What to produce:
Copy every line from the data below in which the string "lemma" can be found.

Material for this task:
────────

text \<open>For an acyclic orientation the transfer map is injective: by well-founded induction along
  the orientation, \<open>y\<^sub>v\<close> is determined by the image and the values on in-neighbours.\<close>

lemma inj_transfer_map:
  fixes Ori :: "('n::finite \<times> 'n) set"
  assumes "acyclic Ori"
  shows "inj (transfer_map Ori)"
proof (rule injI)
  fix y z :: "real^'n"
  assume eq: "transfer_map Ori y = transfer_map Ori z"
  have "wf Ori"
    using assms by (simp add: finite_acyclic_wf)
  then have "y$v = z$v" for v
  proof (induction v rule: wf_induct_rule)
    case (less v)
    then have "(\<lambda>u. y$u) ` {u. (u, v) \<in> Ori} = (\<lambda>u. z$u) ` {u. (u, v) \<in> Ori}"
      by auto
    moreover have "transfer_map Ori y $ v = transfer_map Ori z $ v"
      using eq by simp
    ultimately show ?case
      by (simp add: transfer_map_def)
  qed
  then show "y = z"
    by (simp add: vec_eq_iff)
qed

text \<open>A bijection onto \<open>{1..n}\<close> is determined by its order: \<open>f v\<close> is the number of vertices
  not above \<open>v\<close>.\<close>

lemma card_below_bij:
  fixes f :: "'n::finite \<Rightarrow> nat"
  assumes "bij_betw f UNIV {1..n}"
  shows "card {u. f u \<le> f v} = f v"
proof -
  have "f ` {u. f u \<le> f v} = {1..f v}"
  proof
    show "f ` {u. f u \<le> f v} \<subseteq> {1..f v}"
      using assms by (auto simp: bij_betw_def)
    have "{1..f v} \<subseteq> f ` UNIV"
      using assms by (auto simp: bij_betw_def)
    then show "{1..f v} \<subseteq> f ` {u. f u \<le> f v}"
      by auto
  qed
  moreover have "inj f"
    using assms by (simp add: bij_betw_def)
  ultimately show ?thesis
    by (metis card_atLeastAtMost diff_Suc_1 card_image inj_on_subset subset_UNIV)
qed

────────

Task output:
lemma inj_transfer_map:
lemma card_below_bij:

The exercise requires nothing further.